A todo esto, la novelización muy buena, muy literaria, dramática e histórica. Muy bien. Menéndez Pidal también escribió bien, pero con menos misterio, menos divertido y emocionante
Libros
Libros
  Anochecer en Lisboa
   Txema Arinas García
   Editorial Akrón. Astorga (León). 2008.
   Cid Campeador
    Eduardo Martínez Rico
    Editorial Imágica: HistoriaMítica S.L. Madrid 2008.
Lo nuevo que leamos del Cid nos extraña. Consuélese el autor de que algo le encontramos. Buscando ilustraciones del fotógrafo, cuando su estatua se estrenaba en Burgos, nos atendió la hija, y preguntaba: ¿Pero el Cid ha existido, no dicen que es un héroe legendario?

Y vista la película de Anthony Mann, algunos burgaleses reparaban, las faltas del timo del cofre a los judíos, de la afrenta de Corpes con Elvira y Sol desnuditas, del ganar la batalla cabalgando muerto. No les gustaba. Faltaban demasiadas cosas.

Todo eso y mucho más logró deslindar Menéndez Pidal en su España del Cid de 1929 lentamente comprobado como leyenda, que adorna al Cantar de Mío Cid, en 1207.
J.M.G.
J.M.G.
   Dos visiones de España
    Manuel Azaña y Ortega y Gasset
    Galaxia Gutemberg, (Círculo de Lectores). Barcelona 2005.

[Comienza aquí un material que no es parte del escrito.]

theorem lemma1:
  fixes K :: "('r::ring_1, 'm) Rmod set"
    and G :: "('g, 'b) monoid_scheme"
    and A :: "('r, 'm) Rmod"
    and act :: "'m \<Rightarrow> 'g \<Rightarrow> 'm"
  assumes "formation K"
    and "rg_module G A act"
  shows "(\<forall>L H. subgroup L G \<and> subgroup H G \<and> L \<subseteq> H \<and>
            in_class K (quot A (centralizer_mod A act H))
            \<longrightarrow> in_class K (quot A (centralizer_mod A act L)))
       \<and> (\<forall>L H. subgroup L G \<and> subgroup H G \<and>
            in_class K (quot A (centralizer_mod A act H)) \<and>
            in_class K (quot A (centralizer_mod A act L))
            \<longrightarrow> in_class K (quot A (centralizer_mod A act (generate G (H \<union> L)))))"
proof (intro conjI allI impI; elim conjE)
  have A: "rmodule A" using assms(2) unfolding rg_module_def by blast
  note submod = centralizer_mod_submod[OF assms(2) subgroup.subset]
  show "in_class K (quot A (centralizer_mod A act L))"
    if "subgroup L G" "subgroup H G" "L \<subseteq> H"
      "in_class K (quot A (centralizer_mod A act H))" for L H
    using formation_in_class_quot_mono[OF assms(1) A submod[OF that(2)] submod[OF that(1)]
        centralizer_mod_antimono[OF that(3)] that(4)] .
  show "in_class K (quot A (centralizer_mod A act (generate G (H \<union> L))))"
    if "subgroup L G" "subgroup H G"
      "in_class K (quot A (centralizer_mod A act H))"
      "in_class K (quot A (centralizer_mod A act L))" for L H
  proof -
    have "H \<union> L \<subseteq> carrier G" using subgroup.subset that(1,2) by blast
    then have "centralizer_mod A act (generate G (H \<union> L)) =
               centralizer_mod A act H \<inter> centralizer_mod A act L"
      by (simp add: centralizer_mod_generate[OF assms(2)] centralizer_mod_Un)
    then show ?thesis
      using formation_in_class_quot_Int[OF assms(1) A submod[OF that(2)] submod[OF that(1)]
        that(3,4)] by simp
  qed
qed

end
lemma isometry_op_orbit_orthonormal:
  assumes V: "isometry_op V" and e: "e \<in> l2" "l2_inner e e = 1"
    and wandering: "\<And>x. x \<in> l2 \<Longrightarrow> l2_inner (V x) e = 0"
  shows "orthonormal UNIV (\<lambda>p. (V ^^ p) e)"
proof -
  have l2_V: "\<And>x. x \<in> l2 \<Longrightarrow> V x \<in> l2"
    using V by (simp add: isometry_op_def bounded_op_l2)
  have l2_orbit: "(V ^^ p) e \<in> l2" for p
    by (induction p) (simp_all add: e l2_V)
  have shift: "l2_inner ((V ^^ (m + q)) e) ((V ^^ q) e) = l2_inner ((V ^^ m) e) e" for m q
    by (induction q) (simp_all add: isometry_op_inner[OF V l2_orbit l2_orbit])
  have below: "l2_inner ((V ^^ p) e) ((V ^^ q) e) = of_bool (p = q)" if "q \<le> p" for p q
  proof (cases "p = q")
    case False
    then have "p = Suc (p - q - 1) + q"
      using that by simp
    then show ?thesis
      using False shift[of "Suc (p - q - 1)" q] wandering[OF l2_orbit] by simp
  qed (use shift[of 0] e in simp)
  show ?thesis
    unfolding orthonormal_def
  proof (intro conjI ballI)
    show "l2_inner ((V ^^ p) e) ((V ^^ q) e) = of_bool (p = q)" for p q
    proof (cases "q \<le> p")
      case False
      have "l2_inner ((V ^^ p) e) ((V ^^ q) e) = cnj (l2_inner ((V ^^ q) e) ((V ^^ p) e))"
        by (rule l2_inner_commute[OF l2_orbit l2_orbit])
      moreover have "l2_inner ((V ^^ q) e) ((V ^^ p) e) = of_bool (q = p)"
        using False by (intro below) simp
      ultimately show ?thesis
        using False by simp
    qed (rule below)
  qed (rule l2_orbit)
qed

section \<open>Compressions of the unilateral shift\<close>

definition trunc_coeff :: "complex \<Rightarrow> nat \<Rightarrow> nat \<Rightarrow> complex" where
  "trunc_coeff \<mu> M n = of_real (1 / sqrt (\<Sum>m<Suc M. ((cmod \<mu>)^2)^m)) * cnj \<mu> ^ n"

Sesenta años después, dice la presentación de este libro, “el debate sigue abierto”. En 1931, en las Cortes Españolas dos hombres de ideología distinta se encontraron exponiendo su visión de España, si bien ambos habían contribuido a la llegada de la República, estaba claro que su visión de la misma y su forma de conducirla era notoriamente distinta.

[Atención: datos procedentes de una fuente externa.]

(* For every integer $s$, the polynomial $F_s(t)= t^4 + (4s^3 - 4s^2 + 8s - 4)t^3 + (-6s^2 - 6)t^2 + 4t + 1$ is irreducible in $\mathbb{Q}[t]$. *)

theory Defs
  imports "HOL-Computational_Algebra.Polynomial_Factorial"
begin

definition F :: "int \<Rightarrow> rat poly" where
  "F s = [: 1, 4, - 6 * of_int s ^ 2 - 6,
            4 * of_int s ^ 3 - 4 * of_int s ^ 2 + 8 * of_int s - 4, 1 :]"

end

theory Submission
  imports Defs "Berlekamp_Zassenhaus.Factor_Bound"
begin

text \<open>By Gauss's lemma it suffices to rule out a factorisation over \<open>\<int>\<close> of the monic
  quartic with constant coefficient 1. A linear factor would give a root \<open>\<plusminus>1\<close>, but
  \<open>F\<^sub>s(-1) = -2(2s+1)(s\<^sup>2+2)\<close> never vanishes and \<open>F\<^sub>s(1) = 0\<close> would force \<open>s dvd 2\<close>.
  Two quadratic factors share their constant coefficient \<open>e = \<plusminus>1\<close> and their leading
  coefficient \<open>f = \<plusminus>1\<close>; comparing the coefficients of \<open>t\<close> and \<open>t\<^sup>3\<close> forces
  \<open>4s\<^sup>3 - 4s\<^sup>2 + 8s - 4 = \<plusminus>4\<close>, i.e. \<open>s \<in> {0, 1}\<close>, and then the middle coefficients
  \<open>a, b\<close> of the factors would satisfy \<open>(a - b)\<^sup>2 \<in> {32, 72}\<close>, which are not squares.\<close>

lemma degree_factors_of_quartic:
  fixes g h :: "'a::idom poly"
  assumes "degree (g * h) = 4" "0 < degree g" "0 < degree h"
  shows "degree g = 1 \<or> degree h = 1 \<or> degree g = 2 \<and> degree h = 2"
proof -
  have "g \<noteq> 0" "h \<noteq> 0" using assms(2,3) by auto
  then have "degree g + degree h = 4" using assms(1) by (simp add: degree_mult_eq)
  then show ?thesis using assms(2,3) by linarith
qed

lemma linear_factor_imp_root_plus_minus_one:
  fixes p g h :: "int poly"
  assumes "p = g * h" "degree g = 1" "lead_coeff p = 1" "Polynomial.coeff p 0 = 1"
  shows "poly p 1 = 0 \<or> poly p (-1) = 0"
proof -
  obtain a b where g: "g = [:b, a:]" and "a \<noteq> 0" using degree1_coeffs[OF assms(2)] .
  have "lead_coeff g * lead_coeff h = 1" using assms(1,3) by (simp add: lead_coeff_mult)
  then have "a * lead_coeff h = 1" using \<open>a \<noteq> 0\<close> by (simp add: g)
  then have a: "a = 1 \<or> a = -1" by (auto simp: zmult_eq_1_iff)
  have "b * Polynomial.coeff h 0 = 1" using assms(1,4) by (simp add: coeff_mult_0 g)
  then have b: "b = 1 \<or> b = -1" by (auto simp: zmult_eq_1_iff)
  have "poly g (- a * b) = 0" using a b by (auto simp: g)
  then have "poly p (- a * b) = 0" using assms(1) by simp
  then show ?thesis using a b by auto
qed

lemma reciprocal_quartic_quadratic_factors:
  fixes c\<^sub>1 c\<^sub>2 c\<^sub>3 :: int and g h :: "int poly"
  assumes "[:1, c\<^sub>1, c\<^sub>2, c\<^sub>3, 1:] = g * h" "degree g = 2" "degree h = 2"
  obtains e f a b where "e \<in> {1, -1}" "f \<in> {1, -1}"
    "a + b = e * c\<^sub>1" "c\<^sub>3 = e * f * c\<^sub>1" "a * b = c\<^sub>2 - 2 * e * f"
proof -
  obtain a\<^sub>0 a a\<^sub>2 where g: "g = [:a\<^sub>0, a, a\<^sub>2:]" using degree2_coeffs[OF assms(2)] .
  obtain b\<^sub>0 b b\<^sub>2 where h: "h = [:b\<^sub>0, b, b\<^sub>2:]" using degree2_coeffs[OF assms(3)] .
  have "g * h = [:a\<^sub>0 * b\<^sub>0, a\<^sub>0 * b + a * b\<^sub>0, a\<^sub>0 * b\<^sub>2 + a * b + a\<^sub>2 * b\<^sub>0,
                 a * b\<^sub>2 + a\<^sub>2 * b, a\<^sub>2 * b\<^sub>2:]"
    by (simp add: g h algebra_simps)
  then have "a\<^sub>0 * b\<^sub>0 = 1" "c\<^sub>1 = a\<^sub>0 * b + a * b\<^sub>0" "c\<^sub>2 = a\<^sub>0 * b\<^sub>2 + a * b + a\<^sub>2 * b\<^sub>0"
    "c\<^sub>3 = a * b\<^sub>2 + a\<^sub>2 * b" "a\<^sub>2 * b\<^sub>2 = 1"
    using assms(1) by simp_all
  moreover from this have "a\<^sub>0 \<in> {1, -1}" "b\<^sub>0 = a\<^sub>0" "a\<^sub>2 \<in> {1, -1}" "b\<^sub>2 = a\<^sub>2"
    by (auto simp: zmult_eq_1_iff)
  ultimately show thesis
    by (intro that[of a\<^sub>0 a\<^sub>2 a b]) (auto simp: algebra_simps)
qed

lemma not_square_between_consecutive_squares:
  fixes x n m :: int
  assumes "0 \<le> n" "n\<^sup>2 < m" "m < (n + 1)\<^sup>2"
  shows "x\<^sup>2 \<noteq> m"
proof
  assume x: "x\<^sup>2 = m"
  have "n < \<bar>x\<bar>" using assms(1,2) x by (metis power2_abs power_less_imp_less_base abs_ge_zero)
  moreover have "\<bar>x\<bar> < n + 1" using assms(1,3) x by (metis power2_abs power_less_imp_less_base add_nonneg_nonneg zero_le_one)
  ultimately show False by linarith
qed

definition F_int :: "int \<Rightarrow> int poly" where
  "F_int s = [: 1, 4, - 6 * s ^ 2 - 6, 4 * s ^ 3 - 4 * s ^ 2 + 8 * s - 4, 1 :]"

lemma of_int_poly_F_int: "of_int_poly (F_int s) = F s"
  by (simp add: F_def F_int_def)

lemma poly_F_int_one_nonzero: "poly (F_int s) 1 \<noteq> 0"
proof
  assume "poly (F_int s) 1 = 0"
  then have root: "4 * s ^ 3 - 10 * s ^ 2 + 8 * s - 4 = 0"
    by (simp add: F_int_def algebra_simps)
  then have "s * (2 * s\<^sup>2 - 5 * s + 4) = 2"
    by (simp add: algebra_simps power2_eq_square power3_eq_cube)
  then have "s dvd 2" by (metis dvd_triv_left)
  then have "\<bar>s\<bar> \<le> 2" using dvd_imp_le_int[of 2 s] by simp
  then have "s \<in> {-2, -1, 0, 1, 2}" by auto
  then show False using root by auto
qed

lemma poly_F_int_minus_one_nonzero: "poly (F_int s) (-1) \<noteq> 0"
proof -
  have "poly (F_int s) (-1) = -2 * (2 * s + 1) * (s\<^sup>2 + 2)"
    by (simp add: F_int_def algebra_simps power2_eq_square power3_eq_cube)
  moreover have "2 * s + 1 \<noteq> 0" by presburger
  moreover have "s\<^sup>2 + 2 \<noteq> 0" by (smt (verit) zero_le_power2)
  ultimately show ?thesis by simp
qed

lemma F_int_cubic_coeff_eq_4_iff:
  fixes s :: int
  shows "4 * s ^ 3 - 4 * s ^ 2 + 8 * s - 4 = 4 \<longleftrightarrow> s = 1"
proof -
  have "4 * s ^ 3 - 4 * s ^ 2 + 8 * s - 4 - 4 = 4 * (s - 1) * (s\<^sup>2 + 2)"
    by (simp add: algebra_simps power2_eq_square power3_eq_cube)
  moreover have "s\<^sup>2 + 2 \<noteq> 0" by (smt (verit) zero_le_power2)
  ultimately show ?thesis by (smt (verit) mult_eq_0_iff)
qed

lemma F_int_cubic_coeff_eq_minus_4_iff:
  fixes s :: int
  shows "4 * s ^ 3 - 4 * s ^ 2 + 8 * s - 4 = -4 \<longleftrightarrow> s = 0"
proof -
  have "4 * s ^ 3 - 4 * s ^ 2 + 8 * s - 4 + 4 = 4 * s * (s * (s - 1) + 2)"
    by (simp add: algebra_simps power2_eq_square power3_eq_cube)
  moreover have "s * (s - 1) \<ge> 0" by (smt (verit) mult_nonneg_nonneg mult_nonpos_nonpos)
  ultimately show ?thesis by (smt (verit) mult_eq_0_iff)
qed

lemma F_int_no_quadratic_factors:
  assumes "F_int s = g * h" "degree g = 2" "degree h = 2"
  shows False
proof -
  obtain e f a b where ef: "e \<in> {1, -1}" "f \<in> {1, -1}" and sum: "a + b = e * 4"
    and c\<^sub>3: "4 * s ^ 3 - 4 * s ^ 2 + 8 * s - 4 = e * f * 4"
    and prod: "a * b = - 6 * s ^ 2 - 6 - 2 * e * f"
    using reciprocal_quartic_quadratic_factors assms unfolding F_int_def by metis
  have diff: "(a - b)\<^sup>2 = (a + b)\<^sup>2 - 4 * (a * b)" by (simp add: power2_eq_square algebra_simps)
  from ef consider "e * f = 1" | "e * f = -1" by auto
  then show False
  proof cases
    case 1
    then have "s = 1" using c\<^sub>3 F_int_cubic_coeff_eq_4_iff by simp
    then have "(a - b)\<^sup>2 = 72" using diff sum prod ef 1 by auto
    then show False using not_square_between_consecutive_squares[of 8 72] by simp
  next
    case 2
    then have "s = 0" using c\<^sub>3 F_int_cubic_coeff_eq_minus_4_iff by simp
    then have "(a - b)\<^sup>2 = 32" using diff sum prod ef 2 by auto
    then show False using not_square_between_consecutive_squares[of 5 32] by simp
  qed
qed

lemma irreducible\<^sub>d_F_int: "irreducible\<^sub>d (F_int s)"
proof
  show deg: "0 < degree (F_int s)" by (simp add: F_int_def)
  fix g h assume "0 < degree g" "0 < degree h" and gh: "F_int s = g * h"
  have F: "lead_coeff (F_int s) = 1" "Polynomial.coeff (F_int s) 0 = 1" "degree (F_int s) = 4"
    by (simp_all add: F_int_def)
  have hg: "F_int s = h * g" using gh by (simp add: mult.commute)
  have no_linear: False if "F_int s = p * q" "degree p = 1" for p q
    using linear_factor_imp_root_plus_minus_one[OF that F(1,2)]
      poly_F_int_one_nonzero poly_F_int_minus_one_nonzero by blast
  from degree_factors_of_quartic[of g h] \<open>0 < degree g\<close> \<open>0 < degree h\<close> F(3) gh
  show False using no_linear[OF gh] no_linear[OF hg] F_int_no_quadratic_factors[OF gh] by auto
qed

theorem mainTheorem4:
  fixes s :: int
  shows "irreducible (F s)"
  using irreducible\<^sub>d_int_rat[OF irreducible\<^sub>d_F_int[of s]] by (simp add: of_int_poly_F_int)

end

En las sesiones parlamentarias que se celebraron en aquel mes de mayo de 1932 se reflejaron dos concepciones de España defendidas con toda intensidad por dos figuras claves de la política y la filosofía española, Azaña y Ortega, ambos oradores brillantes y, en cierta medida, contradictorios, presentaron su tesis sobre la realidad de la España que ellos entendían y deseaban.

Leídos después de más de setenta años los discursos sobre el estatuto de Cataluña pronunciados por estos dos hombres pueden provocar la sensación de que algunos problemas de entonces siguen abiertos, no obstante, los españoles ya no somos los mismos y nuestra Patria va alcanzando sus metas, pero sí debemos tener en consideración que la historia está condenada a repetirse para aquéllos que pretenden olvidarla.

Los hechos narrados en este caso se ven complejos en el tiempo, como la vida misma, y el lector agradece que no se le ofrezcan simples, como si fueran una verdad inamovible sino con el emocionado rigor de la búsqueda de la verdad que compromete en este caso a los dos escritores y que convierten la estructura de los discursos en un entramado de hilos que se entrecruzan entre los argumentos que los componen como se explica en la presentación del libro. Ante el reto de la historia, este libro responde a una reivindicación de la memoria como la mejor fórmula para que la sociedad actual española sepa algo más de sí misma por encima de los estereotipos al uso. Un libro importante para enfrentarse a las crisis de la vida de cada día en nuestra patria.

La firmeza de los valores patrios y su vigencia pese al tiempo son las mejores medicinas, y con ello la seguridad de que la España Total no debe conformarse con la monotonía del quehacer diario y de la misma forma así debe ocurrir en cada una de las regiones que conforman la indivisible España.

Recomendamos la lectura pensando que el conocimiento de lo expresado en las páginas de esta obra refleja una realidad que debemos controlar para seguir avanzando, sin olvidar lo que nuestros mayores y nosotros mismos hemos edificado en más de 2000 años de historia.